The downgrade comes after a series of developments, including the suspension of production in Oklahoma and the company’s ongoing need for capital to sustain operations.

In their “30 Stocks in 30 Days” report, Stifel noted that while Canoo initially maintained a Buy rating due to its in-house technology and commercial delivery expectations, recent events have raised doubts about its financial stability. 

Stifel highlights that “GOEV is in our ‘Butch Huskey’ category,” referring to a baseball player with early promise but unprepared for sustained success. 

The downgrade reflects the concerns about Canoo’s ability to thrive in the competitive electric vehicle market.

Stifel explains that Canoo has an increasing need for capital, with the company actively seeking financing while grappling with rising operational challenges. 

“The company consolidated its facilities to three from six, which has continued to impact its workforce. At the end of October 2024, it furloughed 23% of its Oklahoma City factory workers for ~12 week,” said Stifel. “A few days after the furloughs in mid-December, Canoo announced the rest of its staff would be on a ‘mandatory unpaid break’ through at least year-end 2024.”

These moves come as the company consolidates its facilities from six to three locations in an effort to cut costs.

In addition, the company’s cash reserves remain under pressure.

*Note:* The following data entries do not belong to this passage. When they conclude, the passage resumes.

(* Let $G$ be a finite solvable group and $M$ a maximal subgroup of $G$. If $M$ is exponential in $G$, then $M \lhd G$.
   Context: A subgroup $H$ of finite index in a group $G$ is called exponential in $G$ if $x^{|G:H|} \in H$ for every $x \in G$. *)

theory Defs
  imports "HOL-Algebra.Algebra"
begin

definition maximal_subgroup :: "('a, 'b) monoid_scheme \<Rightarrow> 'a set \<Rightarrow> bool" where
  "maximal_subgroup G M \<longleftrightarrow> subgroup M G \<and> M \<noteq> carrier G \<and>
     (\<forall>H. subgroup H G \<and> M \<subseteq> H \<longrightarrow> H = M \<or> H = carrier G)"

definition exponential_subgroup :: "('a, 'b) monoid_scheme \<Rightarrow> 'a set \<Rightarrow> bool" where
  "exponential_subgroup G H \<longleftrightarrow> subgroup H G \<and> finite (rcosets\<^bsub>G\<^esub> H) \<and>
     (\<forall>x\<in>carrier G. x [^]\<^bsub>G\<^esub> card (rcosets\<^bsub>G\<^esub> H) \<in> H)"

end

theory Submission
  imports Defs
begin

text \<open>
  Let A be minimal among the normal subgroups of G not contained in M. Solvability forces
  the derived subgroup of A into M, so G = AM, B = A \<inter> M is normal, A/B is abelian and
  |G:M| = |A:B|. Minimality of A makes A/B of exponent p for a prime p dividing |G:M|, so
  |G:M| is a power of p. Exponentiality of M means that every |G:M|-th power acts trivially
  on A/B by conjugation, hence all orbits of G on A/B have p-power length; counting fixed
  points modulo p produces a nontrivial coset of B in A that is central in G/B, and
  minimality again gives [G,A] \<subseteq> B \<subseteq> M. Thus A normalizes M and M is normal in AM = G.
\<close>

lemma (in group) inv_mult_cancel_left [simp]:
  "x \<in> carrier G \<Longrightarrow> y \<in> carrier G \<Longrightarrow> inv x \<otimes> (x \<otimes> y) = y"
  by (simp add: m_assoc [symmetric])

lemma (in group) mult_inv_cancel_left [simp]:
  "x \<in> carrier G \<Longrightarrow> y \<in> carrier G \<Longrightarrow> x \<otimes> (inv x \<otimes> y) = y"
  by (simp add: m_assoc [symmetric])

lemma (in group) rcos_eq_iff:
  assumes "subgroup H G" "x \<in> carrier G" "y \<in> carrier G"
  shows "H #> x = H #> y \<longleftrightarrow> x \<otimes> inv y \<in> H"
  using assms subgroup.rcos_module[OF assms(1) is_group assms(3,2)]
    repr_independence repr_independenceD by blast
(* There exist absolute constants $c_1,c_2>0$ such that for all sufficiently large $n$ and all $\varepsilon\in(0,1]$ the following holds. Let $p$ be a distribution on $[n]$ with $d_{\mathrm{TV}}(p,\mathcal{U}_n) = \varepsilon$ and let $z=(p-\mathcal{U}_n)/\varepsilon$. Let the random set $S$ be generated as follows: choose $j$ uniformly at random from $\{1,\dots,\lfloor 2\log n\rfloor\}$, set $r=2^j$, and include each $i\in[n]$ in $S$ independently with probability $1/r$. Then with probability at least $c_1/\log n$, there exists $i\in S$ such that $$\left|\frac{\mathcal{U}_n(i) + \varepsilon z(i)}{\mathcal{U}_n(S) + \varepsilon z(S)} - \frac{\mathcal{U}_n(i)}{\mathcal{U}_n(S)}\right| \;=\; \left|p_S(i)-\frac{1}{|S|}\right| \;\geq\; c_2\,\varepsilon .$$
   Context: $\mathcal{U}_n$ is the uniform distribution on $[n]$. For a vector $x\in\mathbb{R}^n$ and $S\subseteq[n]$, $x(S)=\sum_{i\in S}x(i)$; $p_S(i)=p(i)/p(S)$. Total variation distance: $d_{\mathrm{TV}}(p,q)=\frac12\sum_{i}|p(i)-q(i)|$. $\log$ is base 2. *)

theory Defs
  imports Complex_Main
begin

definition is_dist :: "nat \<Rightarrow> (nat \<Rightarrow> real) \<Rightarrow> bool" where
  "is_dist n p \<longleftrightarrow> (\<forall>i\<in>{1..n}. 0 \<le> p i) \<and> (\<Sum>i\<in>{1..n}. p i) = 1"

definition unif :: "nat \<Rightarrow> nat \<Rightarrow> real" where
  "unif n i = (if i \<in> {1..n} then 1 / real n else 0)"

definition dTV :: "nat \<Rightarrow> (nat \<Rightarrow> real) \<Rightarrow> (nat \<Rightarrow> real) \<Rightarrow> real" where
  "dTV n p q = (1/2) * (\<Sum>i\<in>{1..n}. \<bar>p i - q i\<bar>)"

definition mass :: "(nat \<Rightarrow> real) \<Rightarrow> nat set \<Rightarrow> real" where
  "mass x S = (\<Sum>i\<in>S. x i)"

definition cond :: "(nat \<Rightarrow> real) \<Rightarrow> nat set \<Rightarrow> nat \<Rightarrow> real" where
  "cond p S i = p i / mass p S"

definition rand_set_prob :: "nat \<Rightarrow> (nat set \<Rightarrow> bool) \<Rightarrow> real" where
  "rand_set_prob n E =
     (let J = nat \<lfloor>2 * log 2 (real n)\<rfloor> in
      (1 / real J) * (\<Sum>j\<in>{1..J}.
         (let q = 1 / (2::real) ^ j in
          \<Sum>S\<in>{S. S \<subseteq> {1..n} \<and> E S}. q ^ card S * (1 - q) ^ (n - card S))))"

end

theory Submission
  imports Defs
begin

text \<open>
  Write \<open>e(l) = n p(l) - 1\<close>, so that \<open>\<Sum> |e| = 2 \<epsilon> n\<close>, \<open>\<Sum> e = 0\<close>, \<open>e \<ge> -1\<close> and
  \<open>p\<^sub>S(i) = (1 + e(i)) / (|S| + e(S))\<close>. If one element \<open>i \<in> S\<close> has \<open>|e(i)|\<close> large compared
  with \<open>|S|\<close> and with \<open>\<Sum>\<^bsub>S - {i}\<^esub> |e|\<close>, then \<open>p\<^sub>S(i)\<close> is far from \<open>1/|S|\<close>.

  If the elements with \<open>|e| \<ge> 8192 \<epsilon>\<close> carry a quarter of the total deviation, sort them by
  the scale \<open>k = n/2\<^sup>j\<close> with \<open>|e(i)| \<ge> 128 \<epsilon> k\<close>: at rate \<open>2\<^sup>-\<^sup>j\<close> the sample has expected size
  \<open>k\<close> and expected total deviation \<open>O(\<epsilon> k)\<close>, so by Markov's inequality it contains exactly one
  such \<open>i\<close> next to a tame remainder with probability proportional to their number; summed over
  the scales this is a constant. Otherwise a constant fraction of the elements have
  \<open>\<epsilon>/4 \<le> e \<le> 8192 \<epsilon>\<close> and another constant fraction \<open>-8192 \<epsilon> \<le> e \<le> -\<epsilon>/4\<close>, and at rate
  \<open>\<approx> 1/(4n)\<close> the sample is, with constant probability, a pair of one of each.
  Either way one of the \<open>\<lfloor>2 log n\<rfloor>\<close> scales succeeds with constant probability.
\<close>

section \<open>Bernoulli random subsets\<close>

definition bern_weight :: "real \<Rightarrow> 'a set \<Rightarrow> 'a set \<Rightarrow> real" where
  "bern_weight q A T = q ^ card T * (1 - q) ^ (card A - card T)"

definition bern_exp :: "real \<Rightarrow> 'a set \<Rightarrow> ('a set \<Rightarrow> real) \<Rightarrow> real" where
  "bern_exp q A f = (\<Sum>T\<in>Pow A. bern_weight q A T * f T)"

abbreviation bern_prob :: "real \<Rightarrow> 'a set \<Rightarrow> ('a set \<Rightarrow> bool) \<Rightarrow> real" where
  "bern_prob q A P \<equiv> bern_exp q A (\<lambda>T. of_bool (P T))"

lemma bern_weight_nonneg: "0 \<le> q \<Longrightarrow> q \<le> 1 \<Longrightarrow> 0 \<le> bern_weight q A T"
  unfolding bern_weight_def by simp

lemma bern_exp_cong: "(\<And>T. T \<subseteq> A \<Longrightarrow> f T = g T) \<Longrightarrow> bern_exp q A f = bern_exp q A g"
  unfolding bern_exp_def by (rule sum.cong) auto

lemma bern_exp_mono:
  "0 \<le> q \<Longrightarrow> q \<le> 1 \<Longrightarrow> (\<And>T. T \<subseteq> A \<Longrightarrow> f T \<le> g T) \<Longrightarrow> bern_exp q A f \<le> bern_exp q A g"
  unfolding bern_exp_def by (rule sum_mono) (auto intro!: mult_left_mono bern_weight_nonneg)

lemma bern_exp_nonneg: "0 \<le> q \<Longrightarrow> q \<le> 1 \<Longrightarrow> (\<And>T. T \<subseteq> A \<Longrightarrow> 0 \<le> f T) \<Longrightarrow> 0 \<le> bern_exp q A f"
  unfolding bern_exp_def by (rule sum_nonneg) (auto intro!: mult_nonneg_nonneg bern_weight_nonneg)

lemma bern_exp_add: "bern_exp q A (\<lambda>T. f T + g T) = bern_exp q A f + bern_exp q A g"
  unfolding bern_exp_def by (simp add: distrib_left sum.distrib)

lemma bern_exp_diff: "bern_exp q A (\<lambda>T. f T - g T) = bern_exp q A f - bern_exp q A g"
  unfolding bern_exp_def by (simp add: right_diff_distrib sum_subtractf)

lemma bern_exp_cmult: "bern_exp q A (\<lambda>T. c * f T) = c * bern_exp q A f"
  unfolding bern_exp_def sum_distrib_left by (intro sum.cong) (simp_all add: mult.left_commute)

lemma bern_exp_sum: "finite I \<Longrightarrow> bern_exp q A (\<lambda>T. \<Sum>i\<in>I. f i T) = (\<Sum>i\<in>I. bern_exp q A (f i))"
  unfolding bern_exp_def sum_distrib_left by (rule sum.swap)

lemma bern_exp_insert:
  assumes "finite A" "x \<notin> A"
  shows "bern_exp q (insert x A) f = q * bern_exp q A (\<lambda>T. f (insert x T)) + (1 - q) * bern_exp q A f"
proof -
  have weight_in: "bern_weight q (insert x A) (insert x T) = q * bern_weight q A T" if "T \<subseteq> A" for T
  proof -
    have "finite T" "x \<notin> T" "card T \<le> card A"
      using that assms finite_subset card_mono by blast+
    then show ?thesis using assms unfolding bern_weight_def by (simp add: Suc_diff_le)
  qed
  have weight_out: "bern_weight q (insert x A) T = (1 - q) * bern_weight q A T" if "T \<subseteq> A" for T
  proof -
    have "card T \<le> card A" using that assms card_mono by blast
    then show ?thesis using assms unfolding bern_weight_def by (simp add: Suc_diff_le)
  qed
  have "inj_on (insert x) (Pow A)"
    unfolding inj_on_def by (metis Diff_insert_absorb PowD assms(2) subset_iff)
  moreover have "Pow A \<inter> insert x ` Pow A = {}" using assms by auto
  ultimately have "bern_exp q (insert x A) f = (\<Sum>T\<in>Pow A. bern_weight q (insert x A) T * f T)
      + (\<Sum>T\<in>Pow A. bern_weight q (insert x A) (insert x T) * f (insert x T))"
    unfolding bern_exp_def Pow_insert using assms by (simp add: sum.union_disjoint sum.reindex)
  also have "\<dots> = (1 - q) * bern_exp q A f + q * bern_exp q A (\<lambda>T. f (insert x T))"
    unfolding bern_exp_def sum_distrib_left
    by (intro arg_cong2[where f = "(+)"] sum.cong) (auto simp: weight_in weight_out)
  finally show ?thesis by simp
qed

lemma bern_exp_const: "finite A \<Longrightarrow> bern_exp q A (\<lambda>_. c) = c"
proof (induction A rule: finite_induct)
  case empty then show ?case by (simp add: bern_exp_def bern_weight_def)
next
  case (insert x A) then show ?case by (simp add: bern_exp_insert algebra_simps)
qed

lemma bern_exp_sum_elems: "finite A \<Longrightarrow> bern_exp q A (\<lambda>T. \<Sum>l\<in>T. g l) = q * (\<Sum>l\<in>A. g l)"
proof (induction A rule: finite_induct)
  case empty then show ?case by (simp add: bern_exp_def bern_weight_def)
next
  case (insert x A)
  have "bern_exp q A (\<lambda>T. \<Sum>l\<in>insert x T. g l) = bern_exp q A (\<lambda>T. g x + (\<Sum>l\<in>T. g l))"
    using insert by (intro bern_exp_cong) (auto simp: finite_subset sum.insert_if)
  also have "\<dots> = g x + q * (\<Sum>l\<in>A. g l)" using insert by (simp add: bern_exp_add bern_exp_const)
  finally show ?case using insert by (simp add: bern_exp_insert algebra_simps)
qed

lemma bern_exp_card: "finite A \<Longrightarrow> bern_exp q A (\<lambda>T. real (card T)) = q * real (card A)"
  using bern_exp_sum_elems[of A q "\<lambda>_. 1"] by simp

lemma bern_exp_mem_mult:
  assumes "finite A" "x \<in> A"
  shows "bern_exp q A (\<lambda>T. of_bool (x \<in> T) * f T) = q * bern_exp q (A - {x}) (\<lambda>T. f (insert x T))"
proof -
  have "bern_exp q (A - {x}) (\<lambda>T. of_bool (x \<in> T) * f T) = bern_exp q (A - {x}) (\<lambda>T. 0)"
    by (rule bern_exp_cong) auto
  moreover have "A = insert x (A - {x})" using assms by auto
  ultimately show ?thesis
    using assms bern_exp_insert[of "A - {x}" x q "\<lambda>T. of_bool (x \<in> T) * f T"]
    by (simp add: bern_exp_const)
qed

lemma bern_prob_mem: "finite A \<Longrightarrow> l \<in> A \<Longrightarrow> bern_prob q A (\<lambda>T. l \<in> T) = q"
  using bern_exp_mem_mult[of A l q "\<lambda>_. 1"] by (simp add: bern_exp_const)

lemma bern_prob_mem_pair:
  assumes "finite A" "i \<in> A" "l \<in> A" "i \<noteq> l"
  shows "bern_prob q A (\<lambda>T. i \<in> T \<and> l \<in> T) = q\<^sup>2"
proof -
  have "bern_prob q A (\<lambda>T. i \<in> T \<and> l \<in> T) = bern_exp q A (\<lambda>T. of_bool (i \<in> T) * of_bool (l \<in> T))"
    by (rule bern_exp_cong) auto
  also have "\<dots> = q * bern_prob q (A - {i}) (\<lambda>T. l \<in> insert i T)"
    using assms(1,2) by (rule bern_exp_mem_mult)
  also have "bern_prob q (A - {i}) (\<lambda>T. l \<in> insert i T) = bern_prob q (A - {i}) (\<lambda>T. l \<in> T)"
    using assms(4) by (intro bern_exp_cong) simp
  also have "\<dots> = q" using assms by (intro bern_prob_mem) auto
  finally show ?thesis by (simp add: power2_eq_square)
qed

lemma bern_prob_eq: "finite A \<Longrightarrow> T0 \<subseteq> A \<Longrightarrow> bern_prob q A (\<lambda>T. T = T0) = bern_weight q A T0"
  unfolding bern_exp_def by (simp add: if_distrib[of "\<lambda>x. _ * x"] sum.delta' cong: if_cong)

lemma bern_prob_empty: "finite A \<Longrightarrow> bern_prob q A (\<lambda>T. T = {}) = (1 - q) ^ card A"
  by (simp add: bern_prob_eq bern_weight_def)

lemma bern_prob_mono:
  "0 \<le> q \<Longrightarrow> q \<le> 1 \<Longrightarrow> (\<And>S. S \<subseteq> A \<Longrightarrow> P S \<Longrightarrow> Q S) \<Longrightarrow> bern_prob q A P \<le> bern_prob q A Q"
  by (intro bern_exp_mono) auto

lemma bern_prob_markov:
  assumes "0 \<le> q" "q \<le> 1" "t > 0" "\<And>T. T \<subseteq> A \<Longrightarrow> 0 \<le> f T"
  shows "bern_prob q A (\<lambda>T. f T > t) \<le> bern_exp q A f / t"
proof -
  have "bern_prob q A (\<lambda>T. f T > t) \<le> bern_exp q A (\<lambda>T. (1/t) * f T)"
    using assms by (intro bern_exp_mono) (auto simp: field_simps)
  also have "\<dots> = bern_exp q A f / t" unfolding bern_exp_cmult by simp
  finally show ?thesis .
qed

Stifel points to the fact that Canoo has been in “active discussions regarding additional financing,” but without securing the necessary funds on favorable terms, it could face insolvency risks.

A recent filing from Canoo warned that without new capital, the company could be unable to meet its obligations, potentially leading to litigation or further financial difficulties.

Reflecting these risks, Stifel has lowered its revenue forecasts and reduced the stock’s target price to $0.50, down from $4.50.